Наказание болезнью имело основание: его Даша в очередной раз плакала от его словесных упражнений по поводу ее глупой жизни с «ним» – так он называл ее бойфренда, с которым она жила после их одиннадцатого разрыва на все времена.
Вот и на этот раз Болтконский выпил и стал спрашивать ее, как она спит со своим хахалем и какого размера у него член. Даша знала все, что будет дальше.
Раньше она сразу начинала плакать, а в последнее время стала отвечать резко. И говорить злые слова о той, с кем спит он, не забывая при этом сказать, чтобы он смотрел почаще себе в штаны, а не обсуждал чужие члены.
Далее все посылали друг друга, а болезнь дремала рядом и пришла как наказание за длинный язык: он опух, и глотать стало больно…

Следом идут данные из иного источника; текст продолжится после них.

lemma deriv_sound:
  assumes thy: "is_theory Ops ar Cs X \<Lambda>" and arity: "\<forall>f\<in>Ops. 0 < ar f"
    and model: "is_model Ops ar Cs X \<Lambda> A" and "(\<Gamma>, \<phi>) \<in> deriv Ops ar Cs X \<Lambda>"
  shows "sat_seq X A \<Gamma> \<phi>"
  using assms(4)
proof (induction rule: deriv.induct[split_format (complete)])
  case (Ax \<Gamma> \<phi>)
  then show ?case using model unfolding is_model_def by auto
next
  case (Sub \<Gamma> \<psi> \<sigma>)
  have alg: "is_alg Ops ar Cs A" using model by (simp add: is_model_def)
  show ?case unfolding sat_seq_def
  proof (intro allI impI)
    fix \<iota> assume \<iota>: "\<iota> ` X \<subseteq> carrier A" and "\<forall>\<phi>\<in>fsubst \<sigma> ` \<Gamma>. sat A \<iota> \<phi>"
    then have "\<forall>\<phi>\<in>\<Gamma>. sat A (eval A \<iota> \<circ> \<sigma>) \<phi>" by (simp add: sat_fsubst)
    moreover have "(eval A \<iota> \<circ> \<sigma>) ` X \<subseteq> carrier A"
      using Sub.hyps(2) eval_in_carrier[OF alg \<iota>] by auto
    ultimately show "sat A \<iota> (fsubst \<sigma> \<psi>)"
      using Sub.IH by (simp add: sat_seq_def sat_fsubst)
  qed
next
  case (Cong f ts ss \<Gamma>)
  then show ?case unfolding sat_seq_def by (auto intro!: arg_cong[where f = "opr A f"] nth_equalityI)
next
  case (Exp f ts ls \<Gamma>)
  have alg: "is_alg Ops ar Cs A" using model by (simp add: is_model_def)
  have ts: "set ts \<subseteq> terms Ops ar Cs X"
    using Exp deriv_wellformed[OF thy arity] by (fastforce simp: in_set_conv_nth)
  show ?case unfolding sat_seq_def
  proof (intro allI impI)
    fix \<iota> assume \<iota>: "\<iota> ` X \<subseteq> carrier A" and \<Gamma>: "\<forall>\<phi>\<in>\<Gamma>. sat A \<iota> \<phi>"
    let ?as = "map (eval A \<iota>) ts"
    have as: "length ?as = ar f \<and> set ?as \<subseteq> carrier A"
      using Exp.hyps(2) ts eval_in_carrier[OF alg \<iota>] by auto
    have "\<forall>i<ar f. ls ! i \<le> mem A (?as ! i)"
      using Exp.IH Exp.hyps(2) \<iota> \<Gamma> by (auto simp: sat_seq_def)
    then have "Inf (set ls) \<le> Inf (set (map (mem A) ?as))"
      using Exp.hyps(2,3) by (intro Inf_set_le_pointwise) auto
    also have "\<dots> = Inf (mem A ` set ?as)" by (simp only: set_map)
    also have "\<dots> \<le> mem A (opr A f ?as)" using alg Exp.hyps(1) as unfolding is_alg_def by blast
    finally show "sat A \<iota> (Mem (Inf (set ls)) (App f ts))" by simp
  qed
next
  case (Sup \<Gamma> t S)
  then show ?case unfolding sat_seq_def by (auto intro: Sup_least)
next
  case (Mon \<Gamma> l t l')
  then show ?case unfolding sat_seq_def by (auto intro: le_infI1)
qed (auto simp: sat_seq_def)

lemma alg_hom_eval:
  assumes hom: "alg_hom Ops ar Cs A B h" and alg: "is_alg Ops ar Cs A"
    and \<iota>: "\<iota> ` X \<subseteq> carrier A" and g: "\<forall>x\<in>X. h (\<iota> x) = g x" and t: "t \<in> terms Ops ar Cs X"
  shows "h (eval A \<iota> t) = eval B g t"
  using t
proof (induction rule: terms.induct)
  case (app f ts)
  have "set (map (eval A \<iota>) ts) \<subseteq> carrier A" using app.IH eval_in_carrier[OF alg \<iota>] by auto
  then have "h (eval A \<iota> (App f ts)) = opr B f (map h (map (eval A \<iota>) ts))"
    using hom app.hyps(1,2) unfolding alg_hom_def by simp
  also have "map h (map (eval A \<iota>) ts) = map (eval B g) ts" using app.IH by auto
  finally show ?case by simp
qed (use hom g in \<open>auto simp: alg_hom_def\<close>)

lemma alg_hom_preserves_sat:
  assumes hom: "alg_hom Ops ar Cs A B h" and alg: "is_alg Ops ar Cs A"
    and \<iota>: "\<iota> ` X \<subseteq> carrier A" and g: "\<forall>x\<in>X. h (\<iota> x) = g x"
    and \<phi>: "\<phi> \<in> fmls Ops ar Cs X" and sat: "sat A \<iota> \<phi>"
  shows "sat B g \<phi>"
proof (cases \<phi>)
  case (Eqn s t)
  then show ?thesis using sat \<phi> alg_hom_eval[OF hom alg \<iota> g] by (metis Eqn_in_fmls sat.simps(1))
next
  case (Mem l t)
  then have t: "t \<in> terms Ops ar Cs X" using \<phi> by simp
  have "l \<le> mem A (eval A \<iota> t)" using sat Mem by simp
  also have "\<dots> \<le> mem B (h (eval A \<iota> t))"
    using hom eval_in_carrier[OF alg \<iota> t] unfolding alg_hom_def by blast
  finally show ?thesis using Mem alg_hom_eval[OF hom alg \<iota> g t] by simp
qed

context
  fixes Ops :: "'o set" and ar :: "'o \<Rightarrow> nat" and Cs :: "'c set" and X :: "'x set"
    and \<Lambda> :: "(('o,'c,'x,'h::complete_lattice) fml set \<times> ('o,'c,'x,'h) fml) set"
  assumes thy: "is_theory Ops ar Cs X \<Lambda>" and arity: "\<forall>f\<in>Ops. 0 < ar f"
begin

abbreviation prv :: "('o,'c,'x,'h) fml \<Rightarrow> bool" where
  "prv \<phi> \<equiv> provable Ops ar Cs X \<Lambda> \<phi>"

definition prv_class :: "('o,'c,'x) trm \<Rightarrow> ('o,'c,'x) trm set" where
  "prv_class t = {s. prv (Eqn t s)}"

definition class_rep :: "('o,'c,'x) trm set \<Rightarrow> ('o,'c,'x) trm" where
  "class_rep A = (SOME t. t \<in> A)"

Болтконский лежал и думал: ну вот, сейчас он умрет, а она не узнает, что он умер, и потом страшно пожалеет, а его уже не будет.
На похороны она не придет, кто ее пустит, у гроба стоят только законные, выслужившие срок, даже старых жен, бывших законных, не пускают проститься последние жены, не хотят делить с другими свою скорбь.
Ее тоже никто не пустит, вот пусть и страдает, пусть потом знает, кого потеряла. стало легче, он нашел способ отомстить и довольный заснул.
Ему приснились похороны одного народного артиста, у которого было семь жен, и они все пришли проститься с ним, семь лучших актрис эпохи, которая закончилась. Они все стояли у его гроба и ничего уже не делили, смерть их общего мужа соединила их, и они стояли и плакали, каждая помнила его своим, и даже последняя была рада, что они пришли, и даже гордилась, что она закрыла ему глаза.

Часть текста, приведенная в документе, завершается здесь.